» **Work required**: Every line below that has "define" in it should be copied.

» **Material for the task**:
Content starts

lemma inversions_up_closed_if_no_step_from:
  assumes x: "x \<in> perms n" and no_step: "\<And>y. (x, y) \<notin> cambrian_step n up"
    and ac: "(a, c) \<in> inversions x" "a < c" "c < b" "b \<le> n" "up c"
  shows "(a, b) \<in> inversions x"
proof (rule ccontr)
  assume nab: "(a, b) \<notin> inversions x"
  obtain j i where ji: "j < n" "i < n" "a = x ! j" "c = x ! i" "i < j"
    using ac(1) length_perms[OF x] by (auto elim: inversionsE)
  obtain k where k: "k < n" "x ! k = b"
    using perms_position[OF x, of b] ac by auto
  have "k \<noteq> j" "\<not> k < j"
    using perms_inversion[OF x, of k j] nab ji k ac by auto
  then obtain p where p: "j \<le> p" "p < k" "x ! p < c" "\<not> x ! (p + 1) < c"
    using nat_predicate_switch[of j k "\<lambda>m. x ! m < c"] ji k ac by auto
  moreover have "x ! (p + 1) \<noteq> c"
    using perms_nth_eq_iff[OF x, of "p + 1" i] ji k p by simp
  ultimately have "contracted_at up x p"
    using ji k ac length_perms[OF x] by (intro contracted_atI[where q = i and c = c]) auto
  then show False
    using no_step cambrian_stepI[OF x, of p up] p k by simp
qed

lemma inversions_down_closed_if_no_step_from:
  assumes x: "x \<in> perms n" and no_step: "\<And>y. (x, y) \<notin> cambrian_step n up"
    and cb: "(c, b) \<in> inversions x" "a < c" "c < b" "1 \<le> a" "\<not> up c"
  shows "(a, b) \<in> inversions x"
proof (rule ccontr)
  assume nab: "(a, b) \<notin> inversions x"
  obtain k j where kj: "k < n" "j < n" "c = x ! k" "b = x ! j" "j < k"
    using cb(1) length_perms[OF x] by (auto elim: inversionsE)
  obtain i where i: "i < n" "x ! i = a"
    using perms_position[OF x, of a] perms_nth_range[OF x kj(1)] cb kj by auto
  have "i \<noteq> j" "\<not> j < i"
    using perms_inversion[OF x, of j i] nab i kj cb by auto
  then obtain p where p: "i \<le> p" "p < j" "x ! p < c" "\<not> x ! (p + 1) < c"
    using nat_predicate_switch[of i j "\<lambda>m. x ! m < c"] i kj cb by auto
  moreover have "x ! (p + 1) \<noteq> c"
    using perms_nth_eq_iff[OF x, of "p + 1" k] kj p by simp
  ultimately have "contracted_at up x p"
    using kj cb length_perms[OF x] by (intro contracted_atI[where q = k and c = c]) auto
  then show False
    using no_step cambrian_stepI[OF x, of p up] p kj by simp
qed
lemma canon_bound:
  assumes r: "1 < r" and F: "in_lw r F" and xs: "in_lpi r xs"
  shows "\<bar>canon F xs\<bar> \<le> lw_norm r F * lpi_norm r xs"
proof -
  define S where "S = (\<Sum>n. dual_abs (F n) (labs (xs n)))"
  define L where "L = lw_norm r F"
  define P where "P = lpi_norm r xs"
  have L: "0 \<le> L" and P: "0 \<le> P"
    using r lw_norm_nonneg[OF F] lpi_norm_nonneg[OF r xs] by (simp_all add: L_def P_def)
  have "\<bar>canon F xs\<bar> \<le> (\<Sum>n. \<bar>F n (xs n)\<bar>)"
    unfolding canon_def by (rule summable_rabs[OF canon_summable_abs[OF F xs]])
  also have "\<dots> \<le> S"
    unfolding S_def using canon_summable_abs[OF F xs] modulus_pairing_summable[OF F xs]
    by (intro suminf_le abs_blinfun_le_dual_abs)
  finally have canon_le: "\<bar>canon F xs\<bar> \<le> S" .
  have S_le: "S \<le> c * P" if c: "L < c" for c
  proof -
    have "(\<lambda>n. (1/c) *\<^sub>R dual_abs (F n)) \<in> lw_pos_ball r"
      using r L c by (intro scaled_modulus_in_lw_pos_ball[OF F]) (auto simp: L_def)
    then have "(\<Sum>n. ((1/c) *\<^sub>R dual_abs (F n)) (labs (xs n))) \<le> P"
      unfolding P_def by (rule lpi_norm_upper[OF r xs])
    then show ?thesis
      using L c modulus_pairing_summable[OF F xs]
      by (simp add: S_def scaleR_blinfun.rep_eq suminf_divide field_simps)
  qed
  have "S \<le> L * P"
  proof (cases "P = 0")
    case True
    then show ?thesis using S_le[of "L + 1"] by simp
  next
    case False
    with P have P_pos: "0 < P" by simp
    have "S / P \<le> L"
    proof (rule dense_ge)
      fix c assume "L < c"
      then show "S / P \<le> c" using S_le[of c] P_pos by (simp add: pos_divide_le_eq)
    qed
    then show ?thesis using P_pos by (simp add: pos_divide_le_eq)
  qed
  with canon_le show ?thesis by (simp add: L_def P_def)
qed

lemma canon_injective:
  assumes "\<forall>xs. in_lpi r xs \<longrightarrow> canon F xs = canon G xs"
  shows "F = G"
proof (intro ext blinfun_eqI)
  fix n y
  have "canon F (single_seq n y) = canon G (single_seq n y)"
    using assms in_lpi_single_seq by blast
  then show "F n y = G n y" by (simp add: canon_single_seq)
qed

lemma canon_mono_iff:
  assumes F: "in_lw r F" and G: "in_lw r G"
  shows "(\<forall>n. dual_le (F n) (G n)) \<longleftrightarrow> lpi_dual_le r (canon F) (canon G)"
proof
  assume "\<forall>n. dual_le (F n) (G n)"
  then show "lpi_dual_le r (canon F) (canon G)"
    unfolding lpi_dual_le_def canon_def dual_le_def
    using summable_rabs_cancel[OF canon_summable_abs[OF F]] summable_rabs_cancel[OF canon_summable_abs[OF G]]
    by (auto intro!: suminf_le)
next
  assume le: "lpi_dual_le r (canon F) (canon G)"
  show "\<forall>n. dual_le (F n) (G n)"
    unfolding dual_le_def
  proof (intro allI impI)
    fix n and x :: 'a assume "0 \<le> x"
    then have "\<forall>k. 0 \<le> single_seq n x k" by (simp add: single_seq_def)
    then have "canon F (single_seq n x) \<le> canon G (single_seq n x)"
      using le in_lpi_single_seq unfolding lpi_dual_le_def by blast
    then show "F n x \<le> G n x" by (simp add: canon_single_seq)
  qed
qed
lemma dom_broadcast_on_spanning_tree:
  assumes sg: "simple_graph V E" and con: "connected_graph V E"
    and fd: "dom_broadcast V E k f"
  obtains F where "spanning_tree V E F" "dom_broadcast V F k f"
proof -
  let ?m = "broadcast_surplus V E f"
  let ?N = "{u \<in> V. \<not> (1 \<le> f u \<and> int (f u) = ?m u)}"
  have finV: "finite V" using sg simple_graph_def by auto
  have covered: "\<exists>v\<in>V. 1 \<le> f v \<and> dist E u v \<le> f v" if "u \<in> V" for u
    using fd that unfolding dom_broadcast_def by blast
  then have source: "\<exists>v\<in>V. 1 \<le> f v"
    using con unfolding connected_graph_def by blast
  have surplus_nonneg: "0 \<le> ?m u" if "u \<in> V" for u
    using covered[OF that] broadcast_surplus_ge[OF finV, of _ f E u] by fastforce
  have surplus_le: "?m u \<le> int k" for u
  proof -
    obtain v where "v \<in> V" "?m u = int (f v) - int (dist E u v)"
      using broadcast_surplus_attained[OF finV source] by blast
    then show ?thesis using fd unfolding dom_broadcast_def by force
  qed
  have "\<forall>u\<in>?N. \<exists>w. {u, w} \<in> E \<and> ?m u < ?m w"
    using broadcast_surplus_increases[OF finV con source] by blast
  then obtain p where p: "\<forall>u\<in>?N. {u, p u} \<in> E \<and> ?m u < ?m (p u)"
    by metis
  let ?F0 = "{{u, p u} | u. u \<in> ?N}"
  have "?F0 \<subseteq> E" "acyclic_graph ?F0"
    using p parent_edges_acyclic[of ?N ?m p] by auto
  then obtain F where F: "?F0 \<subseteq> F" "spanning_tree V E F"
    using acyclic_extends_to_spanning_tree[OF sg con] by blast
  have parent: "\<forall>u\<in>?N. p u \<in> V \<and> ?m u < ?m (p u)"
    using p simple_graph_edge_in_vertices[OF sg] by blast
  have "dom_broadcast V F k f"
    unfolding dom_broadcast_def
  proof (intro conjI ballI)
    fix u assume u: "u \<in> V"
    then obtain xs where xs: "walk ?F0 xs" "hd xs = u" "last xs \<in> V - ?N"
      "int (length xs) - 1 \<le> ?m (last xs) - ?m u"
      using parent_walk_to_root[of V ?m "int k" ?N p u] surplus_le parent by blast
    have "dist F u (last xs) < length xs"
      using dist_le_walk[OF walk_mono[OF xs(1) F(1)] xs(2)] by simp
    then show "\<exists>v\<in>V. 1 \<le> f v \<and> dist F u v \<le> f v"
      using xs(3,4) surplus_nonneg[OF u] by (intro bexI[of _ "last xs"]) auto
  qed (use fd in \<open>simp add: dom_broadcast_def\<close>)
  then show thesis using that F(2) by blast
qed

lemma dom_broadcast_supergraph:
  assumes "F \<subseteq> E" "connected_graph V F" "dom_broadcast V F k f"
  shows "dom_broadcast V E k f"
  using assms dist_subgraph_le[OF assms(1,2)] unfolding dom_broadcast_def by (meson le_trans)

lemma finite_broadcast_costs:
  assumes "finite V"
  shows "finite {broadcast_cost V f | f. dom_broadcast V E k f}"
proof (rule finite_subset[of _ "{..card V * k}"])
  show "{broadcast_cost V f | f. dom_broadcast V E k f} \<subseteq> {..card V * k}"
    using sum_bounded_above[of V _ k]
    unfolding broadcast_cost_def dom_broadcast_def by fastforce
qed simp

lemma gamma_Bk_le:
  assumes "finite V" "dom_broadcast V E k f"
  shows "gamma_Bk V E k \<le> broadcast_cost V f"
  unfolding gamma_Bk_def using assms finite_broadcast_costs[OF assms(1)] by (intro Min_le) auto

lemma gamma_Bk_attained:
  assumes "finite V" "1 \<le> k"
  obtains f where "dom_broadcast V E k f" "broadcast_cost V f = gamma_Bk V E k"
proof -
  have "dom_broadcast V E k (\<lambda>_. 1)"
    unfolding dom_broadcast_def
  proof (intro conjI ballI)
    fix u assume "u \<in> V"
    then show "\<exists>v\<in>V. 1 \<le> (1::nat) \<and> dist E u v \<le> 1"
      by (intro bexI[of _ u]) simp_all
  qed (use assms(2) in simp)
  then have "gamma_Bk V E k \<in> {broadcast_cost V f | f. dom_broadcast V E k f}"
    unfolding gamma_Bk_def using finite_broadcast_costs[OF assms(1)] by (intro Min_in) auto
  then show thesis using that by auto
qed

lemma gamma_Bk_le_connected_subgraph:
  assumes "finite V" "1 \<le> k" "F \<subseteq> E" "connected_graph V F"
  shows "gamma_Bk V E k \<le> gamma_Bk V F k"
proof -
  obtain g where "dom_broadcast V F k g" "broadcast_cost V g = gamma_Bk V F k"
    using gamma_Bk_attained[OF assms(1,2)] by blast
  then show ?thesis
    using dom_broadcast_supergraph[OF assms(3,4)] gamma_Bk_le[OF assms(1)] by metis
qed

Content ends

» **Solution to this exercise**:
  define S where "S = (\<Sum>n. dual_abs (F n) (labs (xs n)))"
  define L where "L = lw_norm r F"
  define P where "P = lpi_norm r xs"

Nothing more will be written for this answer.